The NODE column shows that, as expected, these pods are running only on nodes in nodepool3, which matches the Standard_DS5_v2 VMs.

Moving beyond the node selector with affinity

The node selector is sufficient in small clusters but is usually unsuitable for complex cases.

For example, you may have an app that needs to run in separate availability zones. Or you may want to keep the API and database separate, e.g., when you don’t have many replicas.

Using them, you can create “preferred” and “soft” rules for different conditions for Kubernetes to schedule the pod even if there are no perfectly matching nodes. They also let you match the labels of pods running on the same nodes and specify the location of new pods more precisely.

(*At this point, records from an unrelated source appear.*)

theorem proposition27:
  fixes X :: "'a set" and Sig :: "'l set"
    and T :: "'l \<Rightarrow> 'a \<Rightarrow> 'a \<Rightarrow> bool" and le :: "'a \<Rightarrow> 'a \<Rightarrow> bool"
  assumes "very_wsts X Sig T le"
  shows "very_wsts (X_bot X) Sig (T_bot T) (le_bot le)
    \<and> (positive_sys X Sig T le \<longrightarrow> positive_sys (X_bot X) Sig (T_bot T) (le_bot le))"
proof -
  from assms have wsts: "wsts X Sig T le" and mono: "strong_mono X Sig T le"
    and compl_wsts: "wsts (Idl X le) Sig (compl_trans X le T) (\<subseteq>)"
    and compl_det: "deterministic Sig (compl_trans X le T)"
    and compl_mono: "strong_strict_mono (Idl X le) Sig (compl_trans X le T) (\<subseteq>)"
    and levels: "finitely_many_levels X le"
    unfolding very_wsts_def by blast+
  from wsts have qo: "qo_on X le" and closed: "\<forall>a x y. T a x y \<longrightarrow> x \<in> X \<and> y \<in> X"
    unfolding wsts_def ts_def by blast+
  have "very_wsts (X_bot X) Sig (T_bot T) (le_bot le)"
    unfolding very_wsts_def
    using wsts_X_bot[OF wsts] strong_mono_X_bot[OF mono]
      wsts_compl_X_bot[OF qo closed compl_wsts]
      deterministic_compl_X_bot[OF qo closed compl_det]
      strong_strict_mono_compl_X_bot[OF qo closed compl_mono]
      finitely_many_levels_X_bot[OF levels]
    by blast
  then show ?thesis using positive_sys_X_bot[OF qo] by blast
qed

end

It’s essential to keep in mind that there are two types of affinity:

Node affinity refers to impacting how pods get matched to nodes.
Pod affinity specifies how pods can be scheduled based on the labels of pods already running on that node.

Node affinity: what is it, and how does it work?

Similar to node selector, node affinity also lets you use labels to specify to which nodes Kube-scheduler should schedule your pods.
Remember that if you specify nodeSelector and nodeAffinity, both must be met for the pod to be scheduled.

requiredDuringSchedulingIgnoredDuringExecution	preferredDuringSchedulingIgnoredDuringExecution
the scheduler will only schedule the pod if the node meets the rule	the scheduler will try to find a node matching the rule, but it will still schedule the pod even if it doesn’t find anything suitable

What is pod affinity?

Working along similar lines, this concept focuses on impacting the Kubernetes scheduler based on the labels on the pods already running on a given node.
You can also specify it within the affinity section using the podAffinity and podAntiAffinity fields in the pod spec.

Pod affinity	Pod anti-affinity
assumes that a given pod can run in a specific location if there is already a pod meeting particular conditions	offers the opposite functionality, preventing pods from running on the same node as pods matching particular criteria.

Node affinity in action: high availability and fault tolerance

By spreading pods across several different nodes, you can ensure that your application remains available even if one or more of those nodes fail.

With node affinity, you can instruct the Kubernetes scheduler to choose nodes in different availability zones, data centers, or regions. By doing so, your app can continue running even if your AZ or data center experiences an outage.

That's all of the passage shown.